● Task objective:
The answer should consist of each line from the data below that includes "linarith".

● Dataset extract:
lemma alternating_signing_exists:
  fixes key :: "'e \<Rightarrow> 'k::linorder"
  assumes "finite E" "perfect_matching E M"
  shows "\<exists>\<tau>. (\<forall>e\<in>E. \<tau> (M e) \<noteq> \<tau> e) \<and>
              (\<forall>D. lower_set key E D \<longrightarrow> \<bar>\<Sum>e\<in>D. sign (\<tau> e)\<bar> \<le> 1)"
  using assms
proof (induction "card E" arbitrary: E M rule: less_induct)
  case less
  show ?case
  proof (cases "E = {}")
    case True
    then show ?thesis by (auto simp: lower_set_def)
  next
    case False
    define e1 where "e1 = arg_min_on key E"
    have e1: "e1 \<in> E" "\<forall>e\<in>E. key e1 \<le> key e"
      using arg_min_if_finite(1)[OF \<open>finite E\<close> False] arg_min_least[OF \<open>finite E\<close> False]
      unfolding e1_def by auto
    have "M e1 \<in> E - {e1}"
      using perfect_matchingD[OF less.prems(2) e1(1)] by blast
    then have "E - {e1} \<noteq> {}" by blast
    define e2 where "e2 = arg_min_on key (E - {e1})"
    have "finite (E - {e1})" using \<open>finite E\<close> by blast
    have e2: "e2 \<in> E - {e1}" "\<forall>e\<in>E - {e1}. key e2 \<le> key e"
      using arg_min_if_finite(1)[OF \<open>finite (E - {e1})\<close> \<open>E - {e1} \<noteq> {}\<close>]
        arg_min_least[OF \<open>finite (E - {e1})\<close> \<open>E - {e1} \<noteq> {}\<close>]
      unfolding e2_def by auto
    define M' where "M' e = (if e = M e1 then M e2 else if e = M e2 then M e1 else M e)" for e
    have "e2 \<in> E" "e1 \<noteq> e2" using e2(1) by auto
    have matching': "perfect_matching (E - {e1, e2}) M'"
      unfolding M'_def using perfect_matching_contract less.prems(2) e1(1) \<open>e2 \<in> E\<close> \<open>e1 \<noteq> e2\<close> .
    have smaller: "card (E - {e1, e2}) < card E"
      using \<open>finite E\<close> e1(1) \<open>e2 \<in> E\<close> by (intro psubset_card_mono) auto
    have "finite (E - {e1, e2})" using \<open>finite E\<close> by blast
    from less.hyps[OF smaller this matching'] obtain \<tau>' where
      alt': "\<forall>e\<in>E - {e1, e2}. \<tau>' (M' e) \<noteq> \<tau>' e" and
      bound': "\<forall>D. lower_set key (E - {e1, e2}) D \<longrightarrow> \<bar>\<Sum>e\<in>D. sign (\<tau>' e)\<bar> \<le> 1"
      by blast
    obtain \<tau> where \<tau>: "\<tau> e1 \<noteq> \<tau> e2" "\<forall>e\<in>E - {e1, e2}. \<tau> e = \<tau>' e" "\<forall>e\<in>E. \<tau> (M e) \<noteq> \<tau> e"
      using alternating_signing_extend[OF less.prems(2) e1(1) \<open>e2 \<in> E\<close> \<open>e1 \<noteq> e2\<close> alt'[unfolded M'_def]]
      by blast
    have "\<forall>D. lower_set key (E - {e1, e2}) D \<longrightarrow> \<bar>\<Sum>e\<in>D. sign (\<tau> e)\<bar> \<le> 1"
    proof (intro allI impI)
      fix D assume D: "lower_set key (E - {e1, e2}) D"
      then have "\<tau> e = \<tau>' e" if "e \<in> D" for e
        using \<tau>(2) that unfolding lower_set_def by blast
      then have "(\<Sum>e\<in>D. sign (\<tau> e)) = (\<Sum>e\<in>D. sign (\<tau>' e))" by simp
      then show "\<bar>\<Sum>e\<in>D. sign (\<tau> e)\<bar> \<le> 1" using bound' D by simp
    qed
    then have "\<forall>D. lower_set key E D \<longrightarrow> \<bar>\<Sum>e\<in>D. sign (\<tau> e)\<bar> \<le> 1"
      using lower_set_sum_sign_bound[OF less.prems(1) e1(1) _ _ e1(2) e2(2) \<tau>(1)] e2(1) by blast
    with \<tau>(3) show ?thesis by blast
  qed
qed

lemma interval_two_colouring:
  fixes J :: "(real \<times> real) set"
  assumes "finite J" and proper: "\<forall>I\<in>J. fst I \<le> snd I"
  shows "\<exists>\<sigma>. \<forall>x. \<bar>int (card {I\<in>J. x \<in> closed_interval I \<and> \<sigma> I})
                 - int (card {I\<in>J. x \<in> closed_interval I \<and> \<not> \<sigma> I})\<bar> \<le> 1"
proof -
  define E where "E = J \<times> (UNIV :: bool set)"
  define M where "M = (\<lambda>(I :: real \<times> real, b :: bool). (I, \<not> b))"
  \<comment> \<open>The endpoints with key at most \<open>(x, 0)\<close> are the left endpoints \<open>\<le> x\<close> and the right
    endpoints \<open>< x\<close>; only the intervals containing \<open>x\<close> contribute a single one of them.\<close>
  define key where "key = (\<lambda>(I :: real \<times> real, b). if b then (fst I, 0 :: nat) else (snd I, 1))"
  have "finite E" using \<open>finite J\<close> by (simp add: E_def)
  moreover have "perfect_matching E M" by (auto simp: perfect_matching_def E_def M_def)
  ultimately obtain \<tau> where alt: "\<forall>e\<in>E. \<tau> (M e) \<noteq> \<tau> e"
    and bound: "\<forall>D. lower_set key E D \<longrightarrow> \<bar>\<Sum>e\<in>D. sign (\<tau> e)\<bar> \<le> 1"
    using alternating_signing_exists[of E M key] by blast
  define \<sigma> where "\<sigma> I = \<tau> (I, True)" for I
  have \<tau>_right: "\<tau> (I, False) = (\<not> \<sigma> I)" if "I \<in> J" for I
    using alt[rule_format, of "(I, True)"] that by (auto simp: E_def M_def \<sigma>_def)
  have "\<bar>int (card {I\<in>J. x \<in> closed_interval I \<and> \<sigma> I})
          - int (card {I\<in>J. x \<in> closed_interval I \<and> \<not> \<sigma> I})\<bar> \<le> 1" for x
  proof -
    define D where "D = {e\<in>E. key e \<le> (x, 0)}"
    have "lower_set key E D" by (auto simp: lower_set_def D_def)
    have "(\<Sum>e\<in>D. sign (\<tau> e)) = (\<Sum>I\<in>J. \<Sum>b\<in>UNIV. if key (I, b) \<le> (x, 0) then sign (\<tau> (I, b)) else 0)"
      unfolding D_def E_def using \<open>finite J\<close>
      by (simp add: sum.inter_filter sum.cartesian_product)
    also have "\<dots> = (\<Sum>I\<in>J. if x \<in> closed_interval I then sign (\<sigma> I) else 0)"
      using proper \<tau>_right
      by (intro sum.cong) (auto simp: UNIV_bool key_def closed_interval_def \<sigma>_def sign_def)
    also have "\<dots> = (\<Sum>I\<in>{I\<in>J. x \<in> closed_interval I}. sign (\<sigma> I))"
      using \<open>finite J\<close> by (simp add: sum.inter_filter)
    also have "\<dots> = int (card {I\<in>J. x \<in> closed_interval I \<and> \<sigma> I})
                   - int (card {I\<in>J. x \<in> closed_interval I \<and> \<not> \<sigma> I})"
      using \<open>finite J\<close> by (simp add: sum_sign_eq_card_diff conj_ac)
    finally show ?thesis using bound[rule_format, OF \<open>lower_set key E D\<close>] by simp
  qed
  then show ?thesis by blast
qed

lemma sum_squares_balanced_split:
  fixes p q a b :: int
  assumes sum_eq: "p + q = a + b" and balanced: "\<bar>p - q\<bar> \<le> 1"
  shows "p\<^sup>2 + q\<^sup>2 \<le> a\<^sup>2 + b\<^sup>2"
    and "2 \<le> \<bar>a - b\<bar> \<Longrightarrow> p\<^sup>2 + q\<^sup>2 < a\<^sup>2 + b\<^sup>2"
proof -
  have parallelogram: "2 * (u\<^sup>2 + v\<^sup>2) = (u + v)\<^sup>2 + (u - v)\<^sup>2" for u v :: int
    by (simp add: power2_eq_square algebra_simps)
  \<comment> \<open>\<open>p - q\<close> and \<open>a - b\<close> have the same parity, and \<open>\<bar>p - q\<bar> \<le> 1\<close>.\<close>
  have "\<bar>p - q\<bar> \<le> \<bar>a - b\<bar>" using assms by presburger
  then show "p\<^sup>2 + q\<^sup>2 \<le> a\<^sup>2 + b\<^sup>2"
    using parallelogram[of p q] parallelogram[of a b] sum_eq by (simp add: abs_le_square_iff)
  assume "2 \<le> \<bar>a - b\<bar>"
  then have "(p - q)\<^sup>2 < (a - b)\<^sup>2" using balanced by (intro power2_strict_mono) simp
  then show "p\<^sup>2 + q\<^sup>2 < a\<^sup>2 + b\<^sup>2"
    using parallelogram[of p q] parallelogram[of a b] sum_eq by simp
qed

definition recolour :: "('a \<Rightarrow> nat) \<Rightarrow> nat \<Rightarrow> nat \<Rightarrow> ('a \<Rightarrow> bool) \<Rightarrow> 'a \<Rightarrow> nat" where
  "recolour \<chi> c d \<sigma> a = (if \<chi> a \<in> {c, d} then if \<sigma> a then c else d else \<chi> a)"

lemma sum_split_two:
  assumes "finite K" "c \<in> K" "d \<in> K" "c \<noteq> d"
  shows "sum h K = h c + h d + sum h (K - {c, d})"
proof -
  have "sum h K = h c + sum h (K - {c})" using assms by (simp add: sum.remove)
  also have "sum h (K - {c}) = h d + sum h (K - {c} - {d})" using assms by (simp add: sum.remove)
  also have "K - {c} - {d} = K - {c, d}" by auto
  finally show ?thesis by (simp add: add.assoc)
qed

lemma recolour_sum_squares:
  fixes \<chi> :: "'a \<Rightarrow> nat"
  assumes "finite E" "finite K" "c \<in> K" "d \<in> K" "c \<noteq> d"
    and balanced: "\<bar>int (card {a\<in>E. \<chi> a \<in> {c, d} \<and> \<sigma> a}) - int (card {a\<in>E. \<chi> a \<in> {c, d} \<and> \<not> \<sigma> a})\<bar> \<le> 1"
  shows "(\<Sum>i\<in>K. (card {a\<in>E. recolour \<chi> c d \<sigma> a = i})\<^sup>2) \<le> (\<Sum>i\<in>K. (card {a\<in>E. \<chi> a = i})\<^sup>2)"
    and "2 \<le> \<bar>int (card {a\<in>E. \<chi> a = c}) - int (card {a\<in>E. \<chi> a = d})\<bar> \<Longrightarrow>
      (\<Sum>i\<in>K. (card {a\<in>E. recolour \<chi> c d \<sigma> a = i})\<^sup>2) < (\<Sum>i\<in>K. (card {a\<in>E. \<chi> a = i})\<^sup>2)"
proof -
  let ?n = "\<lambda>i. card {a\<in>E. \<chi> a = i}"
  let ?n' = "\<lambda>i. card {a\<in>E. recolour \<chi> c d \<sigma> a = i}"
  let ?P = "card {a\<in>E. \<chi> a \<in> {c, d} \<and> \<sigma> a}" and ?N = "card {a\<in>E. \<chi> a \<in> {c, d} \<and> \<not> \<sigma> a}"
  have unchanged: "?n' i = ?n i" if "i \<notin> {c, d}" for i
    using that unfolding recolour_def by (intro arg_cong[where f = card]) auto
  have "{a\<in>E. recolour \<chi> c d \<sigma> a = c} = {a\<in>E. \<chi> a \<in> {c, d} \<and> \<sigma> a}"
    and "{a\<in>E. recolour \<chi> c d \<sigma> a = d} = {a\<in>E. \<chi> a \<in> {c, d} \<and> \<not> \<sigma> a}"
    using \<open>c \<noteq> d\<close> unfolding recolour_def by auto
  then have n'_c: "?n' c = ?P" and n'_d: "?n' d = ?N" by simp_all
  have "?P + ?N = card {a\<in>E. \<chi> a \<in> {c, d}}"
    using \<open>finite E\<close> by (subst card_Un_disjoint[symmetric]) (auto intro: arg_cong[where f = card])
  also have "\<dots> = ?n c + ?n d"
    using \<open>finite E\<close> \<open>c \<noteq> d\<close> by (subst card_Un_disjoint[symmetric]) (auto intro: arg_cong[where f = card])
  finally have sum_eq: "int (?n' c) + int (?n' d) = int (?n c) + int (?n d)"
    unfolding n'_c n'_d by linarith
  have bal: "\<bar>int (?n' c) - int (?n' d)\<bar> \<le> 1" unfolding n'_c n'_d by (rule balanced)
  have "int ((?n' c)\<^sup>2 + (?n' d)\<^sup>2) \<le> int ((?n c)\<^sup>2 + (?n d)\<^sup>2)"
    using sum_squares_balanced_split(1)[OF sum_eq bal] by simp
  then have le: "(?n' c)\<^sup>2 + (?n' d)\<^sup>2 \<le> (?n c)\<^sup>2 + (?n d)\<^sup>2" by linarith
  have less: "(?n' c)\<^sup>2 + (?n' d)\<^sup>2 < (?n c)\<^sup>2 + (?n d)\<^sup>2" if "2 \<le> \<bar>int (?n c) - int (?n d)\<bar>"
  proof -
    have "int ((?n' c)\<^sup>2 + (?n' d)\<^sup>2) < int ((?n c)\<^sup>2 + (?n d)\<^sup>2)"
      using sum_squares_balanced_split(2)[OF sum_eq bal that] by simp
    then show ?thesis by linarith
  qed
  have rest: "(\<Sum>i\<in>K - {c, d}. (?n' i)\<^sup>2) = (\<Sum>i\<in>K - {c, d}. (?n i)\<^sup>2)"
    using unchanged by simp
  show "(\<Sum>i\<in>K. (?n' i)\<^sup>2) \<le> (\<Sum>i\<in>K. (?n i)\<^sup>2)"
    and "2 \<le> \<bar>int (?n c) - int (?n d)\<bar> \<Longrightarrow> (\<Sum>i\<in>K. (?n' i)\<^sup>2) < (\<Sum>i\<in>K. (?n i)\<^sup>2)"
    using le less rest sum_split_two[OF assms(2-5), of "\<lambda>i. (?n' i)\<^sup>2"]
      sum_split_two[OF assms(2-5), of "\<lambda>i. (?n i)\<^sup>2"] by simp_all
qed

● Solution to the exercise:
    unfolding n'_c n'_d by linarith
  then have le: "(?n' c)\<^sup>2 + (?n' d)\<^sup>2 \<le> (?n c)\<^sup>2 + (?n d)\<^sup>2" by linarith
    then show ?thesis by linarith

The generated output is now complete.